May 21, 2006 23:51
So yeah I have to say Prom was pretty wack. I didn't expect it to be that great anyways, but man can caroline get annouying. At least I got a little drunk and smoked a bowl later. Prom made this weekend fly by. Prom was on my mind a lot friday. Friday was senior skip day, and I had to get up at 10:30 so i could go buy my prom tickets during lunch at school. Right after i bought my tickets i went and got my suit. Ugh, what a waste of 110 dollars. Then again, I'm glad I went, because I don't really want to be one of those people that didn't go to prom, and have to explain that shit anytime it comes up. I feel so over high school though, I kind of felt rediculous at Prom. I felt like I was so above it, and it was just lame.. anyways... So friday i didn't really do too much, i smoked on the porch with mary then watched some curb your enthusiasm, and went to bed. This has been like the first time i could smoke and enjoy it, just because my parents were 5 hours away in Traverse City.

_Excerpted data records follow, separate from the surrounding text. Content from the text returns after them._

lemma incl_map_in_free_pro:
  assumes sub: "subgraph B A" and x: "x \<in> free_pro V B"
  shows "incl_map V A x \<in> free_pro V A"
proof -
  obtain u v w where x_eq: "x = (u, v, w)" by (cases x)
  note x = x[unfolded x_eq]
  note idx_B = subsetD[OF idx_subgraph_subset[OF sub]]
  have "(u, v, restrict w (idx V A)) \<in> free_pro V A"
  proof (rule free_proI)
    show "u \<in> gV A" "v \<in> gV A"
      using free_proD(1,2)[OF x] sub by (auto simp: subgraph_def)
  next
    fix S \<phi> \<psi> assume "(S, \<phi>) \<in> idx V A" "(S, \<psi>) \<in> idx V A" "agree_on A \<phi> \<psi>"
    moreover have "agree_on B \<phi> \<psi>"
      using \<open>agree_on A \<phi> \<psi>\<close> sub by (auto simp: agree_on_def subgraph_def)
    ultimately show "restrict w (idx V A) (S, \<phi>) = restrict w (idx V A) (S, \<psi>)"
      using free_proD(7)[OF x] idx_B by simp
  next
    fix S \<phi> T h assume "(S, \<phi>) \<in> idx V A" "T \<in> V" "sgd_hom S T h"
    moreover have "(T, hcomp h \<phi>) \<in> idx V A"
      using calculation graph_mor_hcomp unfolding mem_idx_iff by blast
    ultimately show "snd h (restrict w (idx V A) (S, \<phi>)) = restrict w (idx V A) (T, hcomp h \<phi>)"
      using free_proD(8)[OF x] idx_B by simp
  qed (use free_proD(4-6)[OF x] idx_B in auto)
  then show ?thesis by (simp add: x_eq incl_map_def)
qed

lemma retract_preimage_in_free_pro:
  assumes r: "graph_mor A B r" and r_V: "\<And>y. y \<in> gV B \<Longrightarrow> fst r y = y"
    and x: "(u, v, w) \<in> free_pro V A" and u: "u \<in> gV B" and v: "v \<in> gV B"
  shows "(u, v, restrict (\<lambda>(S, \<phi>). w (S, precomp r \<phi>)) (idx V B)) \<in> free_pro V B"
    (is "(u, v, ?w') \<in> _")
proof -
  have idx_A: "(S, precomp r \<phi>) \<in> idx V A" if "(S, \<phi>) \<in> idx V B" for S \<phi>
    using that graph_mor_precomp[OF r] by (simp add: mem_idx_iff)
  show ?thesis
  proof (rule free_proI)
    fix S \<phi> assume "(S, \<phi>) \<in> idx V B"
    then show "?w' (S, \<phi>) \<in> sE S \<and> ssrc S (?w' (S, \<phi>)) = fst \<phi> u \<and> stgt S (?w' (S, \<phi>)) = fst \<phi> v"
      using free_proD(4-6)[OF x idx_A] u v r_V by (simp add: precomp_def)
  next
    fix S \<phi> \<psi> assume "(S, \<phi>) \<in> idx V B" "(S, \<psi>) \<in> idx V B" "agree_on B \<phi> \<psi>"
    moreover have "agree_on A (precomp r \<phi>) (precomp r \<psi>)"
      using \<open>agree_on B \<phi> \<psi>\<close> r by (auto simp: agree_on_def precomp_def graph_mor_def)
    ultimately show "?w' (S, \<phi>) = ?w' (S, \<psi>)"
      using free_proD(7)[OF x] idx_A by simp
  next
    fix S \<phi> T h assume "(S, \<phi>) \<in> idx V B" "T \<in> V" "sgd_hom S T h"
    moreover have "(T, hcomp h \<phi>) \<in> idx V B"
      using calculation graph_mor_hcomp unfolding mem_idx_iff by blast
    ultimately show "snd h (?w' (S, \<phi>)) = ?w' (T, hcomp h \<phi>)"
      using free_proD(8)[OF x] idx_A by (simp add: hcomp_precomp)
  qed (simp_all add: u v)
qed

lemma incl_map_retract_preimage:
  assumes pv: "pseudovariety V" and sl2: "sl2 \<in> V" and sub: "subgraph B A"
    and r: "graph_mor A B r" and r_E: "\<And>e. e \<in> gE B \<Longrightarrow> snd r e = e"
    and x: "(u, v, w) \<in> free_pro V A" and w1: "w (sl2, edge_indicator B) = 1"
  shows "incl_map V A (u, v, restrict (\<lambda>(S, \<phi>). w (S, precomp r \<phi>)) (idx V B)) = (u, v, w)"
proof -
  let ?w' = "restrict (\<lambda>(S, \<phi>). w (S, precomp r \<phi>)) (idx V B)"
  have w'_eq: "?w' (S, \<phi>) = w (S, \<phi>)" if k: "(S, \<phi>) \<in> idx V A" for S \<phi>
  proof -
    have k_B: "(S, \<phi>) \<in> idx V B"
      using k idx_subgraph_subset[OF sub] by blast
    then have "(S, precomp r \<phi>) \<in> idx V A"
      using graph_mor_precomp[OF r] by (simp add: mem_idx_iff)
    then have "w (S, precomp r \<phi>) = w (S, \<phi>)"
      by (rule free_pro_eq_if_edges_agree[OF pv sl2 x w1 _ k]) (simp add: precomp_def r_E)
    then show ?thesis
      using k_B by simp
  qed
  have "restrict ?w' (idx V A) = w"
  proof (rule extensionalityI[OF restrict_extensional free_proD(3)[OF x]])
    fix k assume "k \<in> idx V A"
    then show "restrict ?w' (idx V A) k = w k"
      using w'_eq by (cases k) simp
  qed
  then show ?thesis
    by (simp add: incl_map_def)
qed

lemma incl_map_image_free_pro:
  assumes pv: "pseudovariety V" and sl2: "sl2 \<in> V" and retract: "retract_subgraph B A"
  shows "incl_map V A ` free_pro V B =
    {(u, v, w) \<in> free_pro V A. u \<in> gV B \<and> v \<in> gV B \<and> w (sl2, edge_indicator B) = 1}"
    (is "_ = ?Im")
proof
  obtain r where sub: "subgraph B A" and r: "graph_mor A B r"
    and r_V: "\<And>y. y \<in> gV B \<Longrightarrow> fst r y = y" and r_E: "\<And>e. e \<in> gE B \<Longrightarrow> snd r e = e"
    using retract_subgraphE[OF retract] by blast
  show "incl_map V A ` free_pro V B \<subseteq> ?Im"
  proof
    fix y assume "y \<in> incl_map V A ` free_pro V B"
    then obtain u v w where x: "(u, v, w) \<in> free_pro V B" and y: "y = incl_map V A (u, v, w)"
      by (metis imageE prod_cases3)
    have "(sl2, edge_indicator B) \<in> idx V A"
      using sl2 by (simp add: mem_idx_iff graph_mor_edge_indicator)
    then show "y \<in> ?Im"
      using incl_map_in_free_pro[OF sub x] free_proD(1,2)[OF x]
        free_pro_edge_indicator_eq_one[OF pv sl2 x]
      by (simp add: y incl_map_def)
  qed
  show "?Im \<subseteq> incl_map V A ` free_pro V B"
  proof
    fix y assume "y \<in> ?Im"
    then obtain u v w where y: "y = (u, v, w)" and x: "(u, v, w) \<in> free_pro V A"
      and u: "u \<in> gV B" and v: "v \<in> gV B" and w1: "w (sl2, edge_indicator B) = 1"
      by (cases y) simp
    let ?w' = "restrict (\<lambda>(S, \<phi>). w (S, precomp r \<phi>)) (idx V B)"
    have "y = incl_map V A (u, v, ?w')"
      using incl_map_retract_preimage[OF pv sl2 sub r r_E x w1] by (simp add: y)
    moreover have "(u, v, ?w') \<in> free_pro V B"
      using r r_V x u v by (rule retract_preimage_in_free_pro)
    ultimately show "y \<in> incl_map V A ` free_pro V B"
      by (rule image_eqI)
  qed
qed

lemma free_pro_subset_topspace:
  "free_pro V A \<subseteq>
    UNIV \<times> UNIV \<times> topspace (product_topology (\<lambda>(S, \<phi>). discrete_topology (sE S)) (idx V A))"
  (is "_ \<subseteq> ?T")
proof
  fix x assume "x \<in> free_pro V A"
  moreover obtain u v w where "x = (u, v, w)" by (cases x)
  ultimately show "x \<in> ?T"
    by (force simp: PiE_iff dest: free_proD)
qed

lemma openin_free_pro_top_cylinder:
  assumes U1: "U1 \<subseteq> gV A" and U2: "U2 \<subseteq> gV A"
    and k: "(S, \<phi>) \<in> idx V A" and c: "c \<in> sE S"
  shows "openin (free_pro_top V A) {(u, v, w) \<in> free_pro V A. u \<in> U1 \<and> v \<in> U2 \<and> w (S, \<phi>) = c}"
proof -
  let ?X = "product_topology (\<lambda>(S, \<phi>). discrete_topology (sE S)) (idx V A)"
  let ?U = "U1 \<times> U2 \<times> {w \<in> topspace ?X. w (S, \<phi>) \<in> {c}}"
  have cylinder_eq: "{(u, v, w) \<in> F. u \<in> U1 \<and> v \<in> U2 \<and> w (S, \<phi>) = c} =
      F \<inter> (U1 \<times> U2 \<times> {w \<in> T. w (S, \<phi>) \<in> {c}})" if "F \<subseteq> UNIV \<times> UNIV \<times> T" for F T
    using that by auto
  have "openin ?X {w \<in> topspace ?X. w (S, \<phi>) \<in> {c}}"
    by (rule openin_continuous_map_preimage[OF continuous_map_product_projection[OF k]])
      (simp add: c)
  then have "openin (prod_topology (discrete_topology (gV A))
      (prod_topology (discrete_topology (gV A)) ?X)) ?U"
    using U1 U2 by (simp add: openin_prod_Times_iff)
  moreover note cylinder_eq[OF free_pro_subset_topspace]
  ultimately show ?thesis
    unfolding free_pro_top_def openin_subtopology by blast
qed

theorem mainTheorem7:
  fixes \<V> :: "(nat, nat) sgd set" and A B :: "('v, 'e) graph"
  assumes "pseudovariety \<V>"
    and "contains_Sl \<V>"
    and "finite_vertex_graph A"
    and "retract_subgraph B A"
  shows "openin (free_pro_top \<V> A) (incl_map \<V> A ` free_pro \<V> B)"
proof -
  have sl2: "sl2 \<in> \<V>"
    using assms(2) by (rule sl2_in_if_contains_Sl)
  have "gV B \<subseteq> gV A"
    using assms(4) by (simp add: retract_subgraph_def subgraph_def)
  moreover have "(sl2, edge_indicator B) \<in> idx \<V> A"
    using sl2 by (simp add: mem_idx_iff graph_mor_edge_indicator)
  ultimately have "openin (free_pro_top \<V> A)
      {(u, v, w) \<in> free_pro \<V> A. u \<in> gV B \<and> v \<in> gV B \<and> w (sl2, edge_indicator B) = 1}"
    by (intro openin_free_pro_top_cylinder) (simp_all add: sl2_def)
  then show ?thesis
    by (simp only: incl_map_image_free_pro[OF assms(1) sl2 assms(4)])
qed

end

I only two weeks of school left. Thank God. I've felt like I'm on summer break ever since Mary came home on the 5th. I've missed a lot school because I'll be up late hanging out with her or mike. I just can't wait for school to be out. It's so hard to get up in the morning, especially since my parents don't really care if I go to class or not. They don't even try to wake me up anymore. I really don't feel like I'm still in school. Everyday I am there is pretty pointless. I get the feeling after a couple weeks I might be like, why did I rush things, I should have held on to those last days...But i'll get over it. I'm looking forward to getting all these things that have been on mind constantly, over with. For one my Council in Philosophy class. I think about that day, and what I'm going to say in class, ALL the time. I go sometime this week, before thursday. If I had to guess I'd say tomorrow. So that will be some weight off my shoulders. Next, I graduation. I don't think about it that much, but I just want to get it over with. 3rd is my graduation party. I just want it to be short and sweet. Like 3 hours at the most, and just have people come, drop off some money, and get going. I know that sounds kind of mean, but I just hate entertaining adults and shit, and talking to people I don't really want to talk to. I should make a list of people that I'm inviting. It's not going to be some big party, it'll be pretty small. I know my mom is going to want to invite all these people I haven't hung out with since elementary school and shit, but I'm going to have to regulate.